As President Biden’s ambitious infrastructure plan winds its way through Congress, many are hoping that the billions of dollars targeted at modernizing the nation’s electricity infrastructure will prevent another Texas-style electrical grid failure. While the $100 billion infrastructure investment is a welcome relief for energy experts who have been tearing their hair out for decades calling for investment in our grid, we need to do more than update our transmission wires if we are to truly modernize our electricity infrastructure. We need to rethink our whole approach.

When the Texas power grid went down in February, leaving millions of residents without power for weeks, it was a perfect storm of contributing factors — but it wasn’t just a failure of infrastructure, it was a failure of infrastructure planning. With climate change, storms, and severe weather events occurring more and more frequently, planning becomes increasingly critical. While we can’t predict each disaster exactly, we can and should plan for disasters to happen.

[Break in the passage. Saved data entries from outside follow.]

lemma ABEP_half_line_moment:
  fixes f g :: "real \<Rightarrow> real" and a x0 T p Lf Lg :: real
  assumes "T > 0"
    and Lf: "Lf-lipschitz_on (Dom a \<infinity>) f" and Lg: "Lg-lipschitz_on (Dom a \<infinity>) g"
    and x0: "x0 \<in> DN 1 a \<infinity>" and p: "p \<ge> 2"
  shows "\<exists>C::real. \<forall>(P::'w measure) F B (M::nat) (N::nat) \<xi> U L.
          brownian_motion P F B \<and> M \<ge> 1 \<and> N \<ge> 1 \<and> ABEP P F B f g T M N a \<infinity> x0 \<xi> U L \<longrightarrow>
          (\<integral>\<^sup>+\<omega>. (SUP t\<in>{0..T}. ennreal (\<bar>\<xi> t \<omega>\<bar> powr p)) \<partial>P) \<le> ennreal C"
proof -
  define r where "r = nat \<lceil>p / 2\<rceil>"
  have r: "r \<ge> 1" "0 \<le> p" "p \<le> real (2*r)" unfolding r_def using p by linarith+
  define Af where "Af = \<bar>f x0\<bar> + Lf * \<bar>x0\<bar>"
  define Ag where "Ag = \<bar>g x0\<bar> + Lg * \<bar>x0\<bar>"
  have x0_Dom: "x0 \<in> Dom a \<infinity>" using x0 unfolding DN_def Dom_def by auto
  show ?thesis
  proof (intro exI allI impI)
    fix P :: "'w measure" and F B M N \<xi> U L
    assume H: "brownian_motion P F B \<and> M \<ge> 1 \<and> N \<ge> 1 \<and> ABEP P F B f g T M N a \<infinity> x0 \<xi> U L"
    then have "0 < 1 / real N" by simp
    have half_line: "x \<in> Dom a \<infinity>" if "x \<ge> a + 1 / real N" for x
    proof -
      have "a < x" using that \<open>0 < 1 / real N\<close> by linarith
      then show ?thesis unfolding Dom_def by simp
    qed
    have "abep_half_line P F B f g T M N a x0 \<xi> U L Af Lf Ag Lg"
    proof unfold_locales
      show "continuous_on {a + 1 / real N..} f" "continuous_on {a + 1 / real N..} g"
        using lipschitz_on_continuous_on[OF Lf] lipschitz_on_continuous_on[OF Lg] half_line
        by (auto intro: continuous_on_subset)
      show "Af \<ge> 0" "Lf \<ge> 0" "Ag \<ge> 0" "Lg \<ge> 0"
        unfolding Af_def Ag_def using lipschitz_on_nonneg[OF Lf] lipschitz_on_nonneg[OF Lg] by auto
      show "\<bar>f x\<bar> \<le> Af + Lf * \<bar>x\<bar>" "\<bar>g x\<bar> \<le> Ag + Lg * \<bar>x\<bar>" if "x \<ge> a + 1 / real N" for x
        unfolding Af_def Ag_def using x0_Dom half_line[OF that]
        by (auto intro: lipschitz_on_linear_growth[OF Lf] lipschitz_on_linear_growth[OF Lg])
    qed (use H \<open>T > 0\<close> in auto)
    then show "(\<integral>\<^sup>+\<omega>. (SUP t\<in>{0..T}. ennreal (\<bar>\<xi> t \<omega>\<bar> powr p)) \<partial>P)
        \<le> ennreal (moment_const r T a x0 Af Lf Ag Lg)"
      by (rule abep_half_line.sup_moment_le[OF _ r])
  qed
qed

Biden’s long-overdue infrastructure proposal goes a long way toward updating our current electrical system, but in order for it to be economically and environmentally sustainable and reliable enough to power our lives, we need to rethink our relationship with the grid. In the wake of the Texas grid failure, some experts proposed stronger interconnection  — more high-voltage capacity power lines — between Texas and the Eastern Interconnection, and in response, the president’s infrastructure plan creates the financing tools needed to incentivize the buildout of high-voltage capacity power lines. But it is doubtful that Eastern Interconnection would have had enough electricity generation reserves available to save the Texas system, even with the power lines to carry the electricity.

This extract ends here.